[Stored records]

(* Let $R_1\leftarrow R_{12}\to R_2$ be a correspondence in $\mathrm{DGRings}^{0,-1}$. It is admissible if and only if the correspondence of underlying groupoids $\mathrm{Cone}(R_1)\leftarrow\mathrm{Cone}(R_{12})\to\mathrm{Cone}(R_2)$ in $\mathrm{Cats}'$ is admissible in the categorical sense.
   Context: Rings are commutative and unital. $\mathrm{DGRings}^{0,-1}$ is the category of commutative DG rings $R$ with $R^i=0$ for $i\ne0,-1$. Equivalently, such $R$ is a ring $C=R^0$, a $C$-module $I=R^{-1}$ and a $C$-linear $d:I\to C$ with $d(x)y=d(y)x$. Quasi-isomorphisms are morphisms inducing isomorphisms on $\ker d$ and $\operatorname{coker} d$. A correspondence $R_1\xleftarrow{f}R_{12}\xrightarrow{g}R_2$ in $\mathrm{DGRings}^{0,-1}$ is admissible if $f$ is a quasi-isomorphism and $R_{12}^{-1}\to R_1^{-1}\times R_2^{-1}$ is an isomorphism. $\mathrm{Cone}(R)$ is the groupoid whose set of objects is $C$ and whose morphisms are the pairs $(c,x)\in C\times I$, the pair being a morphism $c\to c+dx$. Composition is $(c+dx,y)\circ(c,x)=(c,x+y)$. A morphism of $\mathrm{DGRings}^{0,-1}$ induces a functor in the obvious way. $\mathrm{Cats}'$ is the naive 1-category of small categories, with functors on the nose. A correspondence $\mathcal{C}_1\leftarrow\mathcal{C}_{12}\to\mathcal{C}_2$ in $\mathrm{Cats}'$ is admissible in the categorical sense if it is isomorphic, as a correspondence (isomorphism of middle terms commuting on the nose with both legs), to $\mathcal{C}_1\leftarrow\mathrm{Graph}_\Phi\to\mathcal{C}_2$ for some functor $\Phi:\mathcal{C}_1\to\mathcal{C}_2$. Here $\mathrm{Graph}_\Phi$ is the category of triples $(c_1,c_2,\psi:\Phi(c_1)\xrightarrow{\sim}c_2)$ with the projection functors. *)

theory Defs
  imports "HOL-Algebra.Module" "HOL-Algebra.RingHom"
begin

text \<open>A DG ring R in DGRings^{0,-1}: a commutative ring C = R^0 (deg0), a C-module
  I = R^{-1} (deg1) and a C-linear map d : I -> C (diff) with d(x) y = d(y) x.\<close>

record ('a, 'b) dgr =
  deg0 :: "'a ring"
  deg1 :: "('a, 'b) module"
  diff :: "'b \<Rightarrow> 'a"

definition dg_ring :: "('a, 'b) dgr \<Rightarrow> bool" where
  "dg_ring R \<longleftrightarrow>
     module (deg0 R) (deg1 R) \<and>
     (\<forall>x\<in>carrier (deg1 R). diff R x \<in> carrier (deg0 R)) \<and>
     (\<forall>x\<in>carrier (deg1 R). \<forall>y\<in>carrier (deg1 R).
        diff R (x \<oplus>\<^bsub>deg1 R\<^esub> y) = diff R x \<oplus>\<^bsub>deg0 R\<^esub> diff R y) \<and>
     (\<forall>c\<in>carrier (deg0 R). \<forall>x\<in>carrier (deg1 R).
        diff R (smult (deg1 R) c x) = c \<otimes>\<^bsub>deg0 R\<^esub> diff R x) \<and>
     (\<forall>x\<in>carrier (deg1 R). \<forall>y\<in>carrier (deg1 R).
        smult (deg1 R) (diff R x) y = smult (deg1 R) (diff R y) x)"

definition dg_hom :: "('a, 'b) dgr \<Rightarrow> ('c, 'd) dgr \<Rightarrow> ('a \<Rightarrow> 'c) \<times> ('b \<Rightarrow> 'd) \<Rightarrow> bool" where
  "dg_hom R S f \<longleftrightarrow>
     fst f \<in> ring_hom (deg0 R) (deg0 S) \<and>
     snd f \<in> carrier (deg1 R) \<rightarrow> carrier (deg1 S) \<and>
     (\<forall>x\<in>carrier (deg1 R). \<forall>y\<in>carrier (deg1 R).
        snd f (x \<oplus>\<^bsub>deg1 R\<^esub> y) = snd f x \<oplus>\<^bsub>deg1 S\<^esub> snd f y) \<and>
     (\<forall>c\<in>carrier (deg0 R). \<forall>x\<in>carrier (deg1 R).
        snd f (smult (deg1 R) c x) = smult (deg1 S) (fst f c) (snd f x)) \<and>
     (\<forall>x\<in>carrier (deg1 R). diff S (snd f x) = fst f (diff R x))"

text \<open>ker d and coker d = C / d(I) (the latter as the set of cosets c + d(I)).\<close>

definition dker :: "('a, 'b) dgr \<Rightarrow> 'b set" where
  "dker R = {x \<in> carrier (deg1 R). diff R x = \<zero>\<^bsub>deg0 R\<^esub>}"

◆ **ACTIVITY**: Pick out, from the lines above, every one that contains the string "close".

◆ **EXERCISE SOLUTION**:
  I = R^{-1} (deg1) and a C-linear map d : I -> C (diff) with d(x) y = d(y) x.\<close>
text \<open>ker d and coker d = C / d(I) (the latter as the set of cosets c + d(I)).\<close>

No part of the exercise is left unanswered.